In this study, the degradation of oxytetracycline (OTC) in aqueous solution by humid O2 strong ionization dielectric barrier discharge (DBD) with a 2.2 t/h large volume was investigated. Based on the electron spin resonance (ESR) results and the detection of O3 and H2O2 concentrations, the existence of high concentrations of hydroxyl radicals (center dot OH) (0.85 mmol/L), O3 (14.2 mg/L), and H2O2 (63.3 mg/L) produced via humid O2 strong ionization discharge DBD was verified. In addition, the effects of the reaction conditions, including the input voltage (2.1-3.8 kV), the initial pH value (3.1-10.3), the center dot OH inhibitors, the inorganic ions, and the natural organic matter (NOM), on the OTC degradation efficiency were measured, and the optimal parameters were determined based on the results of single factor experiments. The results showed that the OTC removal efficiency and the kinetic constant can be increased by enhancing the input voltage, and about 93.7% of the OTC was removed at 3.8 kV and in a neutral pH (6.9) solution. The presence of center dot OH inhibitors, inorganic ions and NOM in the solution can reduce the OTC removal efficiency and the kinetic constant.
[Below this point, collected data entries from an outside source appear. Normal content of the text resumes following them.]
(* Let $\{A_n\}_{n\geqslant 1}$ be i.i.d. nonnegative random variables with Laplace–Stieltjes transform $\alpha(s)=\mathbb{E}[e^{-sA_1}]$, and let $\{B_n\}_{n\geqslant 1}$ be i.i.d. Erlang distributed with $N$ phases and rate $\mu>0$, independent of $\{A_n\}$. Let $W_1=w\geqslant 0$ and $W_{n+1}=\max\{0,\,B_{n+1}-A_n-W_n\}$ for $n\geqslant 1$. Define, for $i,j\in\{1,\dots,N\}$, $$p_{ij}=\frac{(-\mu)^{N-j}}{2^i}\sum_{\ell=0}^{N-j}\binom{i+\ell-1}{i-1}\frac{\alpha^{(N-j-\ell)}(\mu)}{(N-j-\ell)!}\left(-\frac{1}{2\mu}\right)^{\ell},\qquad p_{0j}=\frac{(-\mu)^{N-j}}{(N-j)!}\alpha^{(N-j)}(\mu),$$ and $p_{i0}=1-\sum_{j=1}^N p_{ij}$ for $i\in\{0,\dots,N\}$. Define $$\varpi_{2,j}=(-\mu)^{N-j}e^{-\mu w}\sum_{\ell=0}^{N-j}\frac{(-w)^{\ell}}{\ell!}\frac{\alpha^{(N-j-\ell)}(\mu)}{(N-j-\ell)!},\quad j=1,\dots,N,\qquad \varpi_{2,0}=1-\sum_{j=1}^N\varpi_{2,j},$$ and recursively $\varpi_{n,j}=\sum_{i=0}^N\varpi_{n-1,i}\,p_{ij}$ for $n\geqslant 3$, $j\in\{0,\dots,N\}$ (i.e. $\varpi_n^{\mathrm T}=\varpi_2^{\mathrm T}\mathbf P^{n-2}$ with $\mathbf P=(p_{ij})_{i,j=0}^N$). Then for every $n\geqslant 2$, $W_n$ has a mixed-Erlang distribution: $$\mathbb{P}[W_n\leqslant x]=\sum_{i=0}^N\varpi_{n,i}\,G_i(x),\qquad x\geqslant 0.$$
   Context: $\alpha^{(m)}$ denotes the $m$-th derivative of $\alpha$. $G_i$ denotes the distribution function of the Erlang distribution with $i$ phases and rate $\mu$ for $i\geqslant 1$, and $G_0(x)=1$ for $x\geqslant0$ (point mass at $0$). The numbers $\varpi_{n,i}$ equal $\mathbb{P}[F_n=i]$, where $F_n$ is the number of remaining exponential preparation phases at the moment the $n$-th waiting time starts; $(F_n)$ is a Markov chain with transition probabilities $p_{ij}$. *)

theory Defs
  imports "HOL-Probability.Probability"
begin

definition p_pos :: "(real \<Rightarrow> real) \<Rightarrow> nat \<Rightarrow> real \<Rightarrow> nat \<Rightarrow> nat \<Rightarrow> real" where
  "p_pos \<alpha> N \<mu> i j =
     (if i = 0 then (-\<mu>) ^ (N - j) / fact (N - j) * (deriv ^^ (N - j)) \<alpha> \<mu>
      else (-\<mu>) ^ (N - j) / 2 ^ i *
        (\<Sum>l = 0..N - j. real ((i + l - 1) choose (i - 1)) *
            ((deriv ^^ (N - j - l)) \<alpha> \<mu> / fact (N - j - l)) * (- 1 / (2 * \<mu>)) ^ l))"

definition pmat :: "(real \<Rightarrow> real) \<Rightarrow> nat \<Rightarrow> real \<Rightarrow> nat \<Rightarrow> nat \<Rightarrow> real" where
  "pmat \<alpha> N \<mu> i j =
     (if j = 0 then 1 - (\<Sum>j' = 1..N. p_pos \<alpha> N \<mu> i j') else p_pos \<alpha> N \<mu> i j)"

definition varpi2_pos :: "(real \<Rightarrow> real) \<Rightarrow> nat \<Rightarrow> real \<Rightarrow> real \<Rightarrow> nat \<Rightarrow> real" where
  "varpi2_pos \<alpha> N \<mu> w j =
     (-\<mu>) ^ (N - j) * exp (- \<mu> * w) *
       (\<Sum>l = 0..N - j. ((- w) ^ l / fact l) * ((deriv ^^ (N - j - l)) \<alpha> \<mu> / fact (N - j - l)))"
Moreover, compared to dry O2 strong ionization dielectric DBD, the active particle yield (center dot OH, O3, H2O2), the kinetic constant, and the TOC removal by humid O2 strong ionization discharge DBD were better. Subsequently, five main by-products were identified and four different transformation pathways, including hydroxylation (+16 Da), deamidation (-46 Da), demethylation (-14 Da), and dehydration (-18 Da), were observed. In addition, the acute toxicity of the intermediates was reduced, but the mutagenicity of the biotoxicity was positive.

Automated summary

This study investigated the degradation of oxytetracycline in aqueous solution by humid O2 strong ionization dielectric barrier discharge and identified optimal parameters for efficiency. Increasing the input voltage and solution pH can improve OTC removal efficiency, while inhibitors and organic matter can reduce efficiency. Compared to dry O2 strong ionization dielectric DBD, the results showed better performance with humid O2 strong ionization discharge DBD.